Assuming that the question is asking how to form the sequence of start, end and start-of-testing (oos) dates given st
and en
shown below, first form the months
sequence and then transform it to append the start-of-test date. To do that seq
can generate a beginning of month Date
sequence. Also if we add an integer to a Date
class object then the result is to add or subtract that number of days so we can get the end of the month by subtracting one day from the start of the next month.

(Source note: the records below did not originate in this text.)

lemma perms_of_count_matrices:
  fixes U :: "'v set" and n :: "'v \<Rightarrow> nat" and N :: "'b \<Rightarrow> 'v \<Rightarrow> 'v \<Rightarrow> nat"
  assumes U: "finite U"
    and rows: "\<forall>b\<in>B. \<forall>v\<in>U. (\<Sum>w\<in>U. N b v w) = n v"
    and cols: "\<forall>b\<in>B. \<forall>v\<in>U. (\<Sum>w\<in>U. N b w v) = n v"
  defines "\<Omega> \<equiv> Sigma U (\<lambda>v. {..<n v})"
  shows "\<exists>\<pi>. (\<forall>b. bij_betw (\<pi> b) \<Omega> \<Omega>) \<and> (\<forall>b\<in>B. \<forall>\<omega>\<in>\<Omega>. N b (fst \<omega>) (fst (\<pi> b \<omega>)) > 0)"
proof -
  have "\<exists>p. bij_betw p \<Omega> \<Omega> \<and> (b \<in> B \<longrightarrow> (\<forall>\<omega>\<in>\<Omega>. N b (fst \<omega>) (fst (p \<omega>)) > 0))" for b
  proof (cases "b \<in> B")
    case True
    then show ?thesis using perm_of_count_matrix[OF U, of "N b" n] rows cols
      unfolding \<Omega>_def by blast
  qed (auto intro: exI[of _ id])
  then show ?thesis by metis
qed

section \<open>Finitely supported weights\<close>

lemma infsum_eq_sum_superset:
  fixes f :: "'a \<Rightarrow> real"
  assumes "finite S" "S \<subseteq> A" "\<And>x. x \<in> A - S \<Longrightarrow> f x = 0"
  shows "(\<Sum>\<^sub>\<infinity>x\<in>A. f x) = sum f S"
proof -
  have "(\<Sum>\<^sub>\<infinity>x\<in>A. f x) = (\<Sum>\<^sub>\<infinity>x\<in>S. f x)"
    by (rule infsum_cong_neutral) (use assms in auto)
  then show ?thesis using assms(1) by simp
qed

context
  fixes B :: "'b set" and V :: "'v set" and E :: "('v \<times> 'v \<times> 'b letter) set"
    and WV :: "'v \<Rightarrow> real" and WE :: "'v \<Rightarrow> 'v \<Rightarrow> 'b letter \<Rightarrow> real"
  assumes graph: "constraint_graph B V E"
    and weight: "is_weight B V E WV WE"
    and fin_supp: "finite_support V WV WE"
begin

lemma vertex_weight_nonneg: "v \<in> V \<Longrightarrow> WV v \<ge> 0"
  and edge_weight_nonneg: "WE v w s \<ge> 0"
  and edge_weight_off_E: "(v, w, s) \<notin> E \<Longrightarrow> WE v w s = 0"
  and out_weight: "v \<in> V \<Longrightarrow> s \<in> gens B \<Longrightarrow> WV v = (\<Sum>\<^sub>\<infinity>w\<in>V. WE v w s)"
  and in_weight: "v \<in> V \<Longrightarrow> s \<in> gens B \<Longrightarrow> WV v = (\<Sum>\<^sub>\<infinity>w\<in>V. WE w v s)"
  and edge_weight_sym: "s \<in> gens B \<Longrightarrow> WE v w s = WE w v (inv_letter s)"
  using weight unfolding is_weight_def by blast+

lemma weight_edge_in_E:
  assumes "WE v w s \<noteq> 0" shows "(v, w, s) \<in> E \<and> v \<in> V \<and> w \<in> V \<and> s \<in> gens B"
proof -
  have "(v, w, s) \<in> E" using edge_weight_off_E assms by metis
  then show ?thesis using graph unfolding constraint_graph_def by blast
qed

text \<open>An edge weight is bounded by the weights of both endpoints, since the vertex weight is
  the (effectively finite) sum of the weights of its outgoing, resp. incoming, edges.\<close>
lemma weight_edge_le:
  assumes "WE v w s \<noteq> 0" shows "WE v w s \<le> WV v" and "WE v w s \<le> WV w"
proof -
  have vw: "v \<in> V" "w \<in> V" and s: "s \<in> gens B" using weight_edge_in_E[OF assms] by auto
  define supp where "supp = {(v, w, s). WE v w s \<noteq> 0}"
  have supp: "finite supp" using fin_supp by (simp add: finite_support_def supp_def)
  define R where "R = {u \<in> V. WE v u s \<noteq> 0}"
  define C where "C = {u \<in> V. WE u w s \<noteq> 0}"
  have "R \<subseteq> (\<lambda>t. fst (snd t)) ` supp" "C \<subseteq> fst ` supp"
  proof
    fix u assume "u \<in> R"
    then have "(v, u, s) \<in> supp" by (simp add: R_def supp_def)
    then show "u \<in> (\<lambda>t. fst (snd t)) ` supp" by force
  next
    show "C \<subseteq> fst ` supp"
    proof
      fix u assume "u \<in> C"
      then have "(u, w, s) \<in> supp" by (simp add: C_def supp_def)
      then show "u \<in> fst ` supp" by force
    qed
  qed
  then have fin: "finite R" "finite C" using supp by (auto intro: finite_subset)
  have "WV v = sum (\<lambda>u. WE v u s) R"
    using out_weight[OF vw(1) s] fin by (subst (asm) infsum_eq_sum_superset[of R]) (auto simp: R_def)
  moreover have "w \<in> R" using assms vw by (simp add: R_def)
  ultimately show "WE v w s \<le> WV v"
    using fin by (auto intro!: member_le_sum edge_weight_nonneg)
  have "WV w = sum (\<lambda>u. WE u w s) C"
    using in_weight[OF vw(2) s] fin by (subst (asm) infsum_eq_sum_superset[of C]) (auto simp: C_def)
  moreover have "v \<in> C" using assms vw by (simp add: C_def)
  ultimately show "WE v w s \<le> WV w"
    using fin by (auto intro!: member_le_sum edge_weight_nonneg)
qed

lemma weight_edge_support:
  assumes "WE v w s \<noteq> 0" shows "WV v > 0" and "WV w > 0"
  using weight_edge_le[OF assms] edge_weight_nonneg[of v w s] assms by linarith+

We have allocated 70% of the three month period to training and 30% to the test making use of the fact that the difference between two Date
objects is the number of days between them. 70/30 is what the question asks for; however, that means that there will be a few days not in any test in each period whereas the diagram has no days that are not in any test except at the beginning. If all days are to be in a test then we might instead use the third month in the period as the test period and the first two months as the training period. In that case uncomment the commented out transform
line. We also show this variation at the end.
Finally define a function f
(we have shown a dummy calculation to make it possible to run the code) with arguments start
, end
and test
to perform whatever calculation is needed. It can produce any sort of output object for one train/test instance. We can use either Map
or by
as shown below. The output list of results will have one component per row of d
.
# input
st <- as.Date("2019-01-01")
en <- as.Date("2019-12-31")
months <- seq(st, en, by = "month")
d <- data.frame(start = head(months, -2), end = c(tail(months, -3) - 1, en))
# append date that test starts -- d shown at end
d <- transform(d, test = start + .7 * (end - start + 1))
# d <- transform(d, test = tail(months, -2))
# replace this with your function. Can be many lines.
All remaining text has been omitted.